WCM believes that competitive advantages are not static. What is more important for investors is whether a business growing or losing this advantage over time rather than how big that advantage currently is. Sanjay Ayer cites incumbents of the past - Blackberry, Nokia and Dell - as examples where investors failed to see contracting competitive advantages.
Investors tend to underestimate the damage that can be caused when a company's competitive advantage is shrinking. It's not a slow bleed. Usually, it's a sharp decline.
Ayer explains this approach employed at WCM and one stock which his fund believes is losing their competitive advantage.
Edited transcript
Can you explain how WCM uses competitive advantages to find opportunities?
I think most investors learn from reading textbooks, and most of the textbooks about quality investing are very comparable. They tell you to look at companies and analyse them through a lens of competitive advantage. They stress the importance of finding companies that have large competitive advantages, or in industry parlance, wide economic moats. So that could be lots of scale, strong brand, intellectual property, or big bargaining power with buyers and sellers. Our view is different. Our view is competitive advantages are not static, things change. There are forces working for a company, against a company, and it's really the direction of that competitive advantage, not the size of the advantage that drives stock returns. So, we'd much rather own a good business that's becoming great than a great business that's becoming good.
When you think about it, technology is the easiest way to kind of illustrate that point. If you go back 15, 20 years ago, you look at the ‘who's who’ of technology companies, many of them don't exist today, or they exist in much smaller forms like companies like Blackberry, Nokia, Dell. It's easy, in hindsight, to poke fun at these companies and where they've ended up, but back in their day, they were the paragons of quality and technology. What I think investors missed is that they were becoming less great companies over time. Their moat trajectory, as we call it, was negative.
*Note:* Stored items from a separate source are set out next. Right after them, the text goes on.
lemma sum_delta_mmul_block_diag_UR:
  fixes l :: "'a::{finite,field} mat"
  assumes I: "I \<subseteq> {1..N}" and l: "l \<in> UT N" "block_diag l I"
  shows "(\<Sum>r\<in>(UR N I :: 'a mat set). delta N \<pi> (mmul N l r))
    = (if offdiag_supp l \<subseteq> \<pi> then of_nat (card (UNIV :: 'a set) ^ card (UR_pos N I \<inter> \<pi>)) else 0)"
proof -
  have "delta N \<pi> (mmul N l r) = (if offdiag_supp l \<subseteq> \<pi> then delta N \<pi> (ur_block N I l r) else 0)"
    if r: "r \<in> UR N I" for r :: "'a mat"
    using mmul_UT[OF l(1) UR_UT[OF r]] UR_UT[OF ur_block_UR[OF I l(1) r]]
    by (simp add: delta_eq offdiag_supp_mmul_block_diag_UR[OF l r I])
  then have "(\<Sum>r\<in>(UR N I :: 'a mat set). delta N \<pi> (mmul N l r))
      = (if offdiag_supp l \<subseteq> \<pi> then \<Sum>r\<in>UR N I. delta N \<pi> (ur_block N I l r) else 0)"
    by simp
  moreover have "(\<Sum>r\<in>UR N I. delta N \<pi> (ur_block N I l r))
      = (\<Sum>s\<in>(UR N I :: 'a mat set). delta N \<pi> s)"
    by (rule sum.reindex_bij_betw[OF bij_betw_ur_block[OF I l(1)]])
  moreover have "\<dots> = of_nat (card {s \<in> UR N I :: 'a mat set. offdiag_supp s \<subseteq> \<pi>})"
    using finite_UR UR_UT by (intro sum_delta_eq_card) blast+
  ultimately show ?thesis
    by (simp add: card_UR_offdiag_supp_subset[OF I])
qed

section \<open>Comultiplicativity\<close>

lemma cano_mono:
  assumes "finite I" "j \<in> I" "i < j"
  shows "cano I i < cano I j"
proof -
  have "{k \<in> I. k \<le> i} \<subseteq> {k \<in> I. k \<le> j}" "j \<in> {k \<in> I. k \<le> j}" "j \<notin> {k \<in> I. k \<le> i}"
    using assms(2,3) by auto
  then have "{k \<in> I. k \<le> i} \<subset> {k \<in> I. k \<le> j}"
    by blast
  then show ?thesis
    unfolding cano_def using assms(1) by (simp add: psubset_card_mono)
qed
text \<open>Coefficient of prod_{i<L} u_i^(w i) in F^(M L)_(sigma,theta;mu,nu)(u'_0..u'_{ML-1}) after the
 specialization u'_{i+kL} = u_i (0 <= i < L, 0 <= k < M).\<close>
definition F_coeff_spec ::
  "nat \<Rightarrow> nat \<Rightarrow> (int \<Rightarrow> int) \<Rightarrow> (int \<Rightarrow> int) \<Rightarrow> (int \<Rightarrow> int) \<Rightarrow> young \<Rightarrow> young \<Rightarrow> (nat \<Rightarrow> nat) \<Rightarrow> enat" where
  "F_coeff_spec L M \<sigma> \<theta> \<mu> \<nu>p \<nu>m w =
     ecard {V. transition \<sigma> \<theta> \<mu> \<nu>p \<nu>m V \<and>
        (\<forall>i<L. (\<Sum>k<M. weight (M * L) \<sigma> \<theta> \<mu> \<nu>p \<nu>m V (i + k * L)) = w i)}"

end

theory Submission
  imports Defs
begin

(* The defining condition of a transition of type (sigma, theta; mu, nu) at
   position j only involves the values sigma(theta j) and mu(theta j).  Hence the hypotheses
   sigma o theta = sigma' o theta' and mu o theta = empty_maya o theta' make the two families of
   transitions, their minimal elements and their weights literally the same.  What remains is
   to compare the weight with period L and the M weights with period M*L: the residue class
   i mod L is the disjoint union of the classes i + k*L mod M*L (k < M), so
     w_i^(L)(V) = sum_{k<M} w_{i+kL}^(ML)(V),
   provided the sums are over finite sets.  Finiteness holds because V and V_min both agree
   with the empty diagram outside a finite window; for this we must know that V_min is itself
   a transition.  We prove this by showing that the pointwise infimum of all transitions with
   empty boundary data is again a transition: pointwise infima of Young diagrams preserve being
   a Young diagram, interlacing, and commute with transposition. *)


section \<open>Pointwise infima of Young diagrams\<close>

text \<open>The row-wise infimum of a family of Young diagrams (row lengths are natural numbers,
  so every nonempty family has a least element in each row).\<close>
definition finf :: "'a set \<Rightarrow> ('a \<Rightarrow> young) \<Rightarrow> young" where
  "finf I f = (\<lambda>r. Inf ((\<lambda>x. f x r) ` I))"

lemma finf_le: "x \<in> I \<Longrightarrow> finf I f r \<le> f x r"
  unfolding finf_def by (simp add: Inf_nat_def Least_le)

lemma finf_attained: "I \<noteq> {} \<Longrightarrow> \<exists>x\<in>I. finf I f r = f x r"
  unfolding finf_def using Inf_nat_def1[of "(\<lambda>x. f x r) ` I"] by auto

lemma less_finf_iff: "I \<noteq> {} \<Longrightarrow> (j < finf I f r) \<longleftrightarrow> (\<forall>x\<in>I. j < f x r)"
  using finf_le[of _ I f r] finf_attained[of I f r] by (metis order.strict_trans2)

lemma young_antimono: "young lm \<Longrightarrow> i \<le> i' \<Longrightarrow> lm i' \<le> lm i"
  unfolding young_def by (metis lift_Suc_antimono_le)

lemma young_transpose_iff:
  assumes y: "young lm"
  shows "(j < lm i) \<longleftrightarrow> (i < ytranspose lm j)"
proof -
  let ?S = "{i. j < lm i}"
  have fin: "finite ?S"
    using y unfolding young_def by (auto elim: finite_subset[rotated])
  show ?thesis
  proof
    assume "j < lm i"
    then have "{..i} \<subseteq> ?S" using young_antimono[OF y] by (auto intro: order.strict_trans2)
    then have "card {..i} \<le> card ?S" using fin by (rule card_mono[rotated])
    then show "i < ytranspose lm j" unfolding ytranspose_def by simp
  next
    assume a: "i < ytranspose lm j"
    show "j < lm i"
    proof (rule ccontr)
      assume "\<not> j < lm i"
      then have "?S \<subseteq> {..<i}" using young_antimono[OF y]
        by (auto simp: not_less) (metis leD le_trans linorder_le_less_linear)
      then have "card ?S \<le> i" using card_mono[of "{..<i}" ?S] by simp
      then show False using a unfolding ytranspose_def by simp
    qed
  qed
qed

lemma young_finf:
  assumes "I \<noteq> {}" and "\<forall>x\<in>I. young (f x)"
  shows "young (finf I f)"
proof -
  obtain x0 where x0: "x0 \<in> I" using assms by auto
  have "finf I f (Suc i) \<le> finf I f i" for i
  proof -
    obtain x where "x \<in> I" "finf I f i = f x i" using finf_attained[OF assms(1)] by blast
    then show ?thesis
      using finf_le[of x I f "Suc i"] assms(2) unfolding young_def by (metis le_trans)
  qed
  moreover have "{i. finf I f i \<noteq> 0} \<subseteq> {i. f x0 i \<noteq> 0}"
    using finf_le[OF x0, of f] by (metis (mono_tags, lifting) Collect_mono le_zero_eq)
  then have "finite {i. finf I f i \<noteq> 0}"
    using assms(2) x0 unfolding young_def by (auto elim: finite_subset)
  ultimately show ?thesis unfolding young_def by blast
qed

lemma interlace_finf:
  assumes "I \<noteq> {}" and "\<forall>x\<in>I. interlace (f x) (g x)"
  shows "interlace (finf I f) (finf I g)"
  unfolding interlace_def
proof
  fix i
  obtain x where x: "x \<in> I" "finf I f i = f x i" using finf_attained[OF assms(1)] by blast
  obtain y where y: "y \<in> I" "finf I g i = g y i" using finf_attained[OF assms(1)] by blast
  have "finf I g i \<le> finf I f i"
    using x finf_le[of x I g i] assms(2) unfolding interlace_def by (metis le_trans)
  moreover have "finf I f (Suc i) \<le> finf I g i"
    using y finf_le[of y I f "Suc i"] assms(2) unfolding interlace_def by (metis le_trans)
  ultimately show "finf I g i \<le> finf I f i \<and> finf I f (Suc i) \<le> finf I g i" by simp
qed

text \<open>Transposition commutes with infima; this reduces the case of the transposed
  interlacing relation to the plain one.\<close>
lemma ytranspose_finf:
  assumes "I \<noteq> {}" and "\<forall>x\<in>I. young (f x)"
  shows "ytranspose (finf I f) = finf I (\<lambda>x. ytranspose (f x))"
proof
  fix j
  have yf: "young (finf I f)" using young_finf[OF assms] .
  have "(i < ytranspose (finf I f) j) \<longleftrightarrow> (i < finf I (\<lambda>x. ytranspose (f x)) j)" for i
  proof -
    have "(i < ytranspose (finf I f) j) \<longleftrightarrow> j < finf I f i"
      using young_transpose_iff[OF yf] by simp
    also have "\<dots> \<longleftrightarrow> (\<forall>x\<in>I. j < f x i)" using less_finf_iff[OF assms(1)] by simp
    also have "\<dots> \<longleftrightarrow> (\<forall>x\<in>I. i < ytranspose (f x) j)" using young_transpose_iff assms(2) by blast
    also have "\<dots> \<longleftrightarrow> i < finf I (\<lambda>x. ytranspose (f x)) j" using less_finf_iff[OF assms(1)] by simp
    finally show ?thesis .
  qed
  then show "ytranspose (finf I f) j = finf I (\<lambda>x. ytranspose (f x)) j"
    by (meson less_irrefl linorder_neqE_nat)
qed

lemma succ_s_finf:
  assumes "I \<noteq> {}" and "\<forall>x\<in>I. young (f x)" and "\<forall>x\<in>I. young (g x)"
    and "\<forall>x\<in>I. succ_s s (f x) (g x)"
  shows "succ_s s (finf I f) (finf I g)"
proof (cases "s = 1")
  case True
  then show ?thesis using assms interlace_finf unfolding succ_s_def by simp
next
  case False
  then have "\<forall>x\<in>I. interlace (ytranspose (f x)) (ytranspose (g x))"
    using assms(4) unfolding succ_s_def by simp
  then have "interlace (finf I (\<lambda>x. ytranspose (f x))) (finf I (\<lambda>x. ytranspose (g x)))"
    by (rule interlace_finf[OF assms(1)])
  then show ?thesis using False ytranspose_finf[OF assms(1,2)] ytranspose_finf[OF assms(1,3)]
    unfolding succ_s_def by simp
qed

lemma finf_empty:
  assumes "x \<in> I" and "f x = empty_young"
  shows "finf I f = empty_young"
  using finf_le[OF assms(1), of f] assms(2) unfolding empty_young_def by fastforce


section \<open>The minimal transition\<close>

text \<open>The local condition imposed on a transition between the positions j and j+1, where
  eps = mu(theta j) decides the direction and s = sigma(theta j) the kind of interlacing.\<close>
definition edge_rel :: "int \<Rightarrow> int \<Rightarrow> young \<Rightarrow> young \<Rightarrow> bool" where
  "edge_rel \<epsilon> s a b \<longleftrightarrow> (if \<epsilon> = 1 then succ_s s a b else succ_s s b a)"

lemma transition_iff:
  "transition \<sigma> \<theta> \<mu> p m V \<longleftrightarrow>
     (\<forall>n. young (V n)) \<and> (\<exists>N. \<forall>n<N. V n = m) \<and> (\<exists>N. \<forall>n>N. V n = p) \<and>
     (\<forall>j. edge_rel (\<mu> (\<theta> j)) (\<sigma> (\<theta> j)) (V j) (V (j + 1)))"
  unfolding transition_def edge_rel_def Let_def by simp

lemma edge_rel_finf:
  assumes "I \<noteq> {}" and "\<forall>x\<in>I. young (f x)" and "\<forall>x\<in>I. young (g x)"
    and "\<forall>x\<in>I. edge_rel \<epsilon> s (f x) (g x)"
  shows "edge_rel \<epsilon> s (finf I f) (finf I g)"
  using assms succ_s_finf[OF assms(1-3)] succ_s_finf[OF assms(1,3,2)]
  unfolding edge_rel_def by (cases "\<epsilon> = 1") simp_all

lemma transition_finf:
  assumes T: "transition \<sigma> \<theta> \<mu> empty_young empty_young W0"
  defines "TS \<equiv> {W. transition \<sigma> \<theta> \<mu> empty_young empty_young W}"
  shows "transition \<sigma> \<theta> \<mu> empty_young empty_young (\<lambda>n. finf TS (\<lambda>W. W n))"
  unfolding transition_iff
proof (intro conjI allI)
  have ne: "TS \<noteq> {}" and W0: "W0 \<in> TS" using T unfolding TS_def by auto
  have young: "\<forall>W\<in>TS. young (W n)" for n unfolding TS_def transition_iff by blast
  show "young (finf TS (\<lambda>W. W n))" for n by (rule young_finf[OF ne young])
  obtain N1 where "\<forall>n<N1. W0 n = empty_young" using T unfolding transition_iff by blast
  then have "\<forall>n<N1. finf TS (\<lambda>W. W n) = empty_young" using finf_empty[OF W0] by simp
  then show "\<exists>N. \<forall>n<N. finf TS (\<lambda>W. W n) = empty_young" by blast
  obtain N2 where "\<forall>n>N2. W0 n = empty_young" using T unfolding transition_iff by blast
  then have "\<forall>n>N2. finf TS (\<lambda>W. W n) = empty_young" using finf_empty[OF W0] by simp
  then show "\<exists>N. \<forall>n>N. finf TS (\<lambda>W. W n) = empty_young" by blast
  fix j
  have "\<forall>W\<in>TS. edge_rel (\<mu> (\<theta> j)) (\<sigma> (\<theta> j)) (W j) (W (j + 1))"
    unfolding TS_def transition_iff by blast
  then show "edge_rel (\<mu> (\<theta> j)) (\<sigma> (\<theta> j)) (finf TS (\<lambda>W. W j)) (finf TS (\<lambda>W. W (j + 1)))"
    by (rule edge_rel_finf[OF ne young young])
qed

text \<open>Existence of the minimal transition (for empty boundary data): it is the infimum of
  all transitions, so the definite description defining Vmin is well defined.\<close>
lemma Vmin_transition:
  assumes T: "transition \<sigma> \<theta> \<mu> empty_young empty_young W0"
  shows "transition \<sigma> \<theta> \<mu> empty_young empty_young (Vmin \<sigma> \<theta> \<mu> empty_young empty_young)"
proof -
  let ?T = "transition \<sigma> \<theta> \<mu> empty_young empty_young"
  define V0 where "V0 = (\<lambda>n. finf {W. ?T W} (\<lambda>W. W n))"
  have V0: "?T V0" using transition_finf[OF T] unfolding V0_def .
  have V0_min: "\<forall>W. ?T W \<longrightarrow> (\<forall>n. ysubset (V0 n) (W n))"
    unfolding V0_def ysubset_def by (auto intro: finf_le)
  have "Vmin \<sigma> \<theta> \<mu> empty_young empty_young = V0"
    unfolding Vmin_def
  proof (rule the_equality)
    show "?T V0 \<and> (\<forall>W. ?T W \<longrightarrow> (\<forall>n. ysubset (V0 n) (W n)))" using V0 V0_min by blast
  next
    fix V assume "?T V \<and> (\<forall>W. ?T W \<longrightarrow> (\<forall>n. ysubset (V n) (W n)))"
    then have "ysubset (V n) (V0 n)" and "ysubset (V0 n) (V n)" for n using V0 V0_min by blast+
    then show "V = V0" unfolding ysubset_def by (intro ext) (simp add: order_antisym)
  qed
  then show ?thesis using V0 by simp
qed

lemma transitions_differ_finitely:
  assumes "transition \<sigma> \<theta> \<mu> empty_young empty_young V"
    and "transition \<sigma>' \<theta>' \<mu>' empty_young empty_young W"
  shows "finite {n. V n \<noteq> W n}"
proof -
  obtain a b c d where "\<forall>n<a. V n = empty_young" "\<forall>n>b. V n = empty_young"
    "\<forall>n<c. W n = empty_young" "\<forall>n>d. W n = empty_young"
    using assms unfolding transition_iff by metis
  then have "{n. V n \<noteq> W n} \<subseteq> {min a c..max b d}" by force
  then show ?thesis by (rule finite_subset) simp
qed


section \<open>Refining residue classes\<close>

lemma mod_mult_refine:
  fixes n :: int and L M i :: nat
  assumes "i < L" and "0 < M"
  shows "n mod int L = int i \<longleftrightarrow> (\<exists>k<M. n mod int (M * L) = int (i + k * L))"
proof -
  define m where "m = nat (n mod int (M * L))"
  have m_eq: "int m = n mod int (M * L)" and m_less: "m < M * L"
    unfolding m_def using assms by (simp_all add: nat_less_iff)
  have m_mod: "int m mod int L = n mod int L"
    unfolding m_eq by (simp add: mod_mod_cancel)
  show ?thesis
  proof
    assume "n mod int L = int i"
    hence "m mod L = i" using m_mod by (metis nat_int of_nat_mod)
    hence "m = i + m div L * L" by (metis mod_div_mult_eq)
    moreover have "m div L < M" using m_less by (simp add: less_mult_imp_div_less)
    ultimately show "\<exists>k<M. n mod int (M * L) = int (i + k * L)"
      using m_eq by metis
  next
    assume "\<exists>k<M. n mod int (M * L) = int (i + k * L)"
    then obtain k where "int m = int (i + k * L)" using m_eq by metis
    hence "m = i + k * L" by (simp only: of_nat_eq_iff)
    hence "m mod L = i" using assms by simp
    thus "n mod int L = int i" using m_mod by (metis of_nat_mod)
  qed
qed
I think investors tend to underestimate the damage that can be caused when a company's competitive advantage is shrinking. It's not a slow bleed. Usually, it's generally a sharp decline, especially in technology. So really keeping that bar high and owning a portfolio of companies whose competitive advantages are growing is the name of the game for WCM.
What is a perceived quality company that is losing its advantage?
One of the investments we exited recently, was a company called Activision. It's a video game company, and our original thesis was the large-scale players are in a good shape in that industry because the cost of game development is rising. There are things like connected gameplay, digital gaming, and all of these kinds of new themes are helping the existing large companies who have big budgets and existing large franchises.
I think things changed pretty abruptly in the last two years where you had the emergence of games like Fortnite, free-to-play gaming, social gaming, and really the relevance of some of the advantages of the big companies was steadily diminishing.
So it's not to say these businesses won't continue to be good businesses and can churn along, but for us, we're trying to keep that bar very high. We find it hard to think that those economic moats, those competitive advantages are still growing, and so that's enough for us to exit a position. We're not a manager who will wait for evidence that the moat is breached. I think if you're in the growth camp and you're waiting for that signal, it's far too late. There's irreparable damage done to the stock and the portfolio.